Riconquista di un’identità
L’Arminuta si sente, per sua stessa ammissione, come ‘un pacco’, un oggetto di scambio. Una percezione resa chiara allo spettatore già dalla scelta di non dare un nome alla protagonista. Partendo da questo presupposto il film costruisce con sensibilità l’evoluzione di una tredicenne che, privata dell’identità di benestante cittadina circondata da amore e possibilità, vaga sconcertata tra le macerie delle sue certezze. Ad ergersi a perno della narrazione è il concetto di famiglia, esperita dalla protagonista, in seguito allo squasso della sua vita, come origine della sofferenza dovuta all’abbandono. La crudezza e la profonda umanità della pellicola sta tutta in questa apparentemente vana ricerca di affetto della protagonista. Quest’ultima riuscirà a riconquistare un’identità solo quando, abbandonati i panni di una fanciullezza ingenua, imparerà a carpire riflessi d’amore nel mare di disillusione che la circonda.
Un film di contrasti
Tutto il film si basa su dicotomie e contrasti. Progresso cittadino ed arretratezza rurale, benessere economico e ristrettezza disarmante, realtà borghese e mondo proletario si scontrano e si sintetizzano nella vicende de L’Arminuta venendo a creare un cortocircuito che arricchisce la narrazione di interessanti spunti di riflessione sociale.

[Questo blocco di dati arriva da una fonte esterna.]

(* Let $T$ be a regular $n$-IET, $n\ge1$, over the ordered alphabet $\mathcal{A}$ with permutation $\pi\in S_{\mathcal{A}}$, and let $\mathcal{L}(T)$ be its language. Then every return word in $\mathcal{L}(T)$ is $\pi$-clustering for $\mathcal{A}$; i.e., for every $u\in\mathcal{L}(T)$ and every $w\in\mathcal{R}(u)$, $w$ is $\pi$-clustering.
   Context: An $n$-IET $T$ on $I=[\ell,r)$ over $\mathcal{A}=\{a_1<\dots<a_n\}$ is given by a partition of $I$ into left-closed right-open intervals $(I_a)_{a\in\mathcal{A}}$ of positive length ordered left to right by the order of $\mathcal{A}$, and a permutation $\pi$ of $\mathcal{A}$; $T(x)=x+\tau_a$ on $I_a$ with $\tau_a=\sum_{b:\,\pi^{-1}(b)<\pi^{-1}(a)}|I_b|-\sum_{b<a}|I_b|$. The set of formal discontinuities is $D(T)=\{\ell+\sum_{b<a}|I_b|: a\in\mathcal{A}\}\setminus\{\ell\}$; $T$ is regular (Keane condition) if the orbits $\{T^m(x):m\in\mathbb{Z}\}$ of the points of $D(T)$ are infinite and pairwise disjoint. Trajectories $\Omega_T(x)=w_0w_1\cdots$ with $w_i=a$ iff $T^i(x)\in I_a$; $\mathcal{L}(T)$ is the set of finite factors of all trajectories. Return words: $\mathcal{R}(u)=\{w\in\mathcal{A}^*: wu\in(\mathcal{L}(T)\cap u\mathcal{A}^* )\setminus\mathcal{A}^+u\mathcal{A}^+\}$. For a word $v$ of length $m$, $\mathrm{bwt}_{\mathcal{A}}(v)$ is the word of last letters of the $m$ cyclic rotations of $v$ sorted lexicographically w.r.t. the order of $\mathcal{A}$; $v$ is $\pi$-clustering for $\mathcal{A}$ if $\mathrm{bwt}_{\mathcal{A}}(v)=\pi(a_1)^{k_1}\cdots\pi(a_n)^{k_n}$ with $k_i=|v|_{\pi(a_i)}$. *)

theory Defs
  imports Complex_Main "HOL-Library.List_Lexorder"
begin

text \<open>An IET over the finite linearly ordered alphabet 'a (the letters a_1 < ... < a_n
 are the elements of the type, n = CARD('a) \<ge> 1), on I = [l, l + sum of lengths),
 with interval lengths lam a > 0 and permutation perm.\<close>

definition iet_start :: "real \<Rightarrow> ('a::{finite,linorder} \<Rightarrow> real) \<Rightarrow> 'a \<Rightarrow> real" where
  "iet_start l lam a = l + (\<Sum>b\<in>{b. b < a}. lam b)"

definition iet_right :: "real \<Rightarrow> ('a::{finite,linorder} \<Rightarrow> real) \<Rightarrow> real" where
  "iet_right l lam = l + (\<Sum>b\<in>UNIV. lam b)"

definition iet_domain :: "real \<Rightarrow> ('a::{finite,linorder} \<Rightarrow> real) \<Rightarrow> real set" where
  "iet_domain l lam = {l..<iet_right l lam}"

definition iet_interval :: "real \<Rightarrow> ('a::{finite,linorder} \<Rightarrow> real) \<Rightarrow> 'a \<Rightarrow> real set" where
  "iet_interval l lam a = {iet_start l lam a ..< iet_start l lam a + lam a}"

definition iet_transl :: "('a::{finite,linorder} \<Rightarrow> real) \<Rightarrow> ('a \<Rightarrow> 'a) \<Rightarrow> 'a \<Rightarrow> real" where
  "iet_transl lam perm a =
     (\<Sum>b\<in>{b. inv perm b < inv perm a}. lam b) - (\<Sum>b\<in>{b. b < a}. lam b)"

text \<open>The map T; outside I it is (irrelevantly) the identity.\<close>
definition iet_map :: "real \<Rightarrow> ('a::{finite,linorder} \<Rightarrow> real) \<Rightarrow> ('a \<Rightarrow> 'a) \<Rightarrow> real \<Rightarrow> real" where
  "iet_map l lam perm x =
     (if \<exists>a. x \<in> iet_interval l lam a
      then x + iet_transl lam perm (THE a. x \<in> iet_interval l lam a) else x)"

definition iet_disc :: "real \<Rightarrow> ('a::{finite,linorder} \<Rightarrow> real) \<Rightarrow> real set" where
  "iet_disc l lam = (iet_start l lam ` UNIV) - {l}"

text \<open>Two-sided orbit {T^m x : m \<in> \<int>} of a point x of I (T is a bijection of I).\<close>
definition iet_orbit :: "real \<Rightarrow> ('a::{finite,linorder} \<Rightarrow> real) \<Rightarrow> ('a \<Rightarrow> 'a) \<Rightarrow> real \<Rightarrow> real set" where
  "iet_orbit l lam perm x =
     {y \<in> iet_domain l lam. \<exists>m::nat. (iet_map l lam perm ^^ m) x = y \<or> (iet_map l lam perm ^^ m) y = x}"

definition iet_regular :: "real \<Rightarrow> ('a::{finite,linorder} \<Rightarrow> real) \<Rightarrow> ('a \<Rightarrow> 'a) \<Rightarrow> bool" where
  "iet_regular l lam perm \<longleftrightarrow>
     (\<forall>d\<in>iet_disc l lam. infinite (iet_orbit l lam perm d)) \<and>
     (\<forall>d\<in>iet_disc l lam. \<forall>d'\<in>iet_disc l lam. d \<noteq> d' \<longrightarrow>
        iet_orbit l lam perm d \<inter> iet_orbit l lam perm d' = {})"

definition iet_traj :: "real \<Rightarrow> ('a::{finite,linorder} \<Rightarrow> real) \<Rightarrow> ('a \<Rightarrow> 'a) \<Rightarrow> real \<Rightarrow> nat \<Rightarrow> 'a" where
  "iet_traj l lam perm x i = (THE a. (iet_map l lam perm ^^ i) x \<in> iet_interval l lam a)"

definition iet_language :: "real \<Rightarrow> ('a::{finite,linorder} \<Rightarrow> real) \<Rightarrow> ('a \<Rightarrow> 'a) \<Rightarrow> 'a list set" where
  "iet_language l lam perm =
     {w. \<exists>x\<in>iet_domain l lam. \<exists>k. w = map (iet_traj l lam perm x) [k..<k + length w]}"

definition return_words :: "'a list set \<Rightarrow> 'a list \<Rightarrow> 'a list set" where
  "return_words L u =
     {w. w @ u \<in> L \<and> (\<exists>v. w @ u = u @ v) \<and>
         \<not> (\<exists>p s. p \<noteq> [] \<and> s \<noteq> [] \<and> w @ u = p @ u @ s)}"

text \<open>Burrows-Wheeler transform w.r.t. the order of the alphabet (lexicographic order on words).\<close>
definition bwt :: "'a::linorder list \<Rightarrow> 'a list" where
  "bwt v = map last (sort (map (\<lambda>i. rotate i v) [0..<length v]))"

definition pi_clustering :: "('a::{finite,linorder} \<Rightarrow> 'a) \<Rightarrow> 'a list \<Rightarrow> bool" where
  "pi_clustering perm v \<longleftrightarrow>
     bwt v = concat (map (\<lambda>a. replicate (count_list v (perm a)) (perm a)) (sorted_list_of_set UNIV))"

end

theory Submission
  imports Defs "HOL-Library.Multiset"
begin

(* Let w be a return word of u, so that wu starts with u and contains no other occurrence of u.
   Two distinct rotations of w then first differ at a position that still lies inside wu, so
   they are ordered like two suffixes of the coding of one orbit segment y, T y, ... of T.
   Points whose codings agree up to a first difference are translated together until then, so
   they are ordered like the letters at that difference; and a point of I_a is mapped to the
   left of a point of I_b only if pi^-1 a <= pi^-1 b. Hence the last letters of the sorted
   rotations, which are the letters just before those suffixes, occur in pi-order: this is
   pi-clustering. *)

lemma sum_lower_set_add_le:
  fixes lam :: "'a::finite \<Rightarrow> real" and f :: "'a \<Rightarrow> 'b::preorder"
  assumes "\<And>c. lam c \<ge> 0" and "insert a {c. f c < f a} \<subseteq> B"
  shows "(\<Sum>c | f c < f a. lam c) + lam a \<le> sum lam B"
proof -
  have "(\<Sum>c | f c < f a. lam c) + lam a = sum lam (insert a {c. f c < f a})"
    by (subst sum.insert) (auto simp: add.commute)
  also have "\<dots> \<le> sum lam B"
    using assms by (intro sum_mono2) auto
  finally show ?thesis .
qed

locale iet =
  fixes l :: real and lam :: "'a::{finite,linorder} \<Rightarrow> real" and perm :: "'a \<Rightarrow> 'a"
  assumes lam_nonneg: "lam a \<ge> 0"
begin

abbreviation "start \<equiv> iet_start l lam"
abbreviation "interval \<equiv> iet_interval l lam"
abbreviation "domain \<equiv> iet_domain l lam"
abbreviation "T \<equiv> iet_map l lam perm"
abbreviation "traj \<equiv> iet_traj l lam perm"

lemma start_add_le_start: "a < b \<Longrightarrow> start a + lam a \<le> start b"
  using sum_lower_set_add_le[of lam a "\<lambda>c. c" "{c. c < b}"] lam_nonneg
  unfolding iet_start_def by fastforce

lemma interval_unique:
  assumes "x \<in> interval a" and "x \<in> interval b"
  shows "a = b"
  using start_add_le_start[of a b] start_add_le_start[of b a] assms
  unfolding iet_interval_def by (cases a b rule: linorder_cases) auto

lemma the_interval: "x \<in> interval a \<Longrightarrow> (THE b. x \<in> interval b) = a"
  using interval_unique by blast

lemma start_add_eq_sum_atMost: "start a + lam a = l + sum lam {..a}"
proof -
  have "{..a} = insert a {c. c < a}" by auto
  then show ?thesis unfolding iet_start_def by simp
qed

lemma interval_exists:
  assumes x: "x \<in> domain"
  obtains a where "x \<in> interval a"
proof -
  define a where "a = Max {a. start a \<le> x}"
  obtain a0 :: 'a where "\<And>b. a0 \<le> b"
    using Min_le[OF finite UNIV_I] by blast
  then have "{b. b < a0} = {}"
    using leD by blast
  then have "a0 \<in> {a. start a \<le> x}"
    using x unfolding iet_start_def iet_domain_def by simp
  then have start_a: "start a \<le> x" and a_max: "\<And>b. start b \<le> x \<Longrightarrow> b \<le> a"
    unfolding a_def using Max_in[of "{a. start a \<le> x}"] by auto
  have "x < start a + lam a"
  proof (cases "\<exists>b. a < b")
    case True
    define b where "b = Min {b. a < b}"
    have "a < b" and "\<And>c. a < c \<Longrightarrow> b \<le> c"
      unfolding b_def using True Min_in[of "{b. a < b}"] by auto
    then have "{c. c < b} = {..a}"
      using not_le by (auto intro: le_less_trans)
    then have "start b = start a + lam a"
      unfolding start_add_eq_sum_atMost unfolding iet_start_def by simp
    then show ?thesis
      using a_max[of b] \<open>a < b\<close> by fastforce
  next
    case False
    then have "{..a} = UNIV" using not_le by auto
    then show ?thesis
      using x unfolding start_add_eq_sum_atMost iet_domain_def iet_right_def by simp
  qed
  with start_a show ?thesis
    using that unfolding iet_interval_def by simp
qed

lemma map_eq: "x \<in> interval a \<Longrightarrow> T x = x + iet_transl lam perm a"
  unfolding iet_map_def using the_interval by auto

lemma map_bounds:
  assumes "x \<in> interval a"
  shows "l + (\<Sum>b | inv perm b < inv perm a. lam b) \<le> T x"
    and "T x < l + (\<Sum>b | inv perm b < inv perm a. lam b) + lam a"
  using assms map_eq[OF assms]
  unfolding iet_transl_def iet_interval_def iet_start_def by auto

lemma map_domain:
  assumes "x \<in> domain"
  shows "T x \<in> domain"
proof -
  obtain a where a: "x \<in> interval a"
    using interval_exists[OF assms] .
  have "l + (\<Sum>b | inv perm b < inv perm a. lam b) + lam a \<le> iet_right l lam"
    using sum_lower_set_add_le[of lam a "inv perm" UNIV] lam_nonneg
    unfolding iet_right_def by simp
  moreover have "0 \<le> (\<Sum>b | inv perm b < inv perm a. lam b)"
    using lam_nonneg by (simp add: sum_nonneg)
  ultimately show ?thesis
    using map_bounds[OF a] unfolding iet_domain_def by simp
qed

lemma funpow_domain: "x \<in> domain \<Longrightarrow> (T ^^ n) x \<in> domain"
  by (induction n) (simp_all add: map_domain)

lemma traj_in_interval:
  assumes "x \<in> domain"
  shows "(T ^^ i) x \<in> interval (traj x i)"
proof -
  obtain a where "(T ^^ i) x \<in> interval a"
    using interval_exists[OF funpow_domain[OF assms]] .
  then show ?thesis
    unfolding iet_traj_def by (simp add: the_interval)
qed

lemma traj_funpow: "traj ((T ^^ k) x) i = traj x (k + i)"
  unfolding iet_traj_def by (simp add: funpow_add add.commute)

lemma in_language_obtain_traj:
  assumes "w \<in> iet_language l lam perm"
  obtains y where "y \<in> domain" and "\<And>n. n < length w \<Longrightarrow> w ! n = traj y n"
proof -
  obtain x k where "x \<in> domain" and w: "w = map (traj x) [k..<k + length w]"
    using assms unfolding iet_language_def by blast
  have "w ! n = traj ((T ^^ k) x) n" if "n < length w" for n
    using that by (subst w) (simp add: traj_funpow)
  with \<open>x \<in> domain\<close> funpow_domain that show ?thesis by blast
qed

lemma traj_lex_less_imp_less:
  assumes x: "x \<in> domain" and x': "x' \<in> domain"
    and same: "\<forall>k<t. traj x k = traj x' k" and less: "traj x t < traj x' t"
  shows "x < x'"
proof -
  have shift: "(T ^^ k) x' - (T ^^ k) x = x' - x" if "k \<le> t" for k
    using that
  proof (induction k)
    case (Suc k)
    then have "(T ^^ k) x' \<in> interval (traj x k)"
      using same traj_in_interval[OF x', of k] by simp
    then show ?case
      using Suc map_eq traj_in_interval[OF x, of k] by simp
  qed simp
  have "(T ^^ t) x < (T ^^ t) x'"
    using traj_in_interval[OF x, of t] traj_in_interval[OF x', of t] start_add_le_start[OF less]
    unfolding iet_interval_def by auto
  with shift[OF order.refl] show ?thesis by simp
qed

lemma map_less_imp_inv_perm_le:
  assumes "x \<in> interval a" and "x' \<in> interval b" and "T x < T x'"
  shows "inv perm a \<le> inv perm b"
proof (rule ccontr)
  assume "\<not> inv perm a \<le> inv perm b"
  then have "insert b {c. inv perm c < inv perm b} \<subseteq> {c. inv perm c < inv perm a}"
    by auto
  then have "(\<Sum>c | inv perm c < inv perm b. lam c) + lam b \<le> (\<Sum>c | inv perm c < inv perm a. lam c)"
    using sum_lower_set_add_le[of lam b "inv perm"] lam_nonneg by blast
  then show False
    using map_bounds(1)[OF assms(1)] map_bounds(2)[OF assms(2)] assms(3) by linarith
qed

Anche sul piano visivo, grazie a scelte fotografiche ricercatissime, si esprime questo stridore. A scene in cui dominano straniamento e sofferenza, che nella scelta dei colori e nella prossemica sembrano ispirarsi a I mangiatori di patate di Van Gogh, si alternano panoramiche ariose e inquadrature dalle tinte sature e vivaci nei momenti emozionali più intensi. Il film, inoltre, fa del silenzio uno straordinario strumento espressivo: ogni rumore, ogni suono (quello delle onde del mare, tra tutti) assume un significato particolare che dona tridimensionalità alla messa in scena.
Un piccolo gioiello
Ad impreziosire L’Arminuta concorre un cast di attori da applauso. Se Sofia Fiore riesce a restituire con credibilità l’alienazione della protagonista, è Carlotta De Leonardis, la piccola Adriana, a rubare la scena sprizzando genuinità. Menzione onorevole per Vanessa Scalera che solo attraverso sguardi e gesti esprime tutto il dolore e la sofferenza che il suo personaggio, la madre biologica della protagonista, si porta sulle spalle. Il resto degli interpreti però non viene sfruttato abbastanza. Alcuni personaggi e le loro stroryline, infatti, vengono troppo sacrificati nella scelta (infondo non biasimabile dato il risultato) di puntare i riflettori sul percorso della protagonista.
L’Arminuta costruisce una cornice stilisticamente raffinata attorno ad un iperrealistico ritratto familiare dalle tinte fosche, macchiato di dolorosi segreti, riuscendo a far commuovere lo spettatore.
L’Arminuta. Regia di Giuseppe Bonito. Con Sofia Fiore, Carlotta De Leonardis, Vanessa Scalera, Fabrizio Ferracane, Andrea Fuorto, Elena Lietti, Giulio Beranek, Stefano Petruzziello, Giovanni Francesco. Al cinema dal 21 ottobre, distribuzione Lucky Red.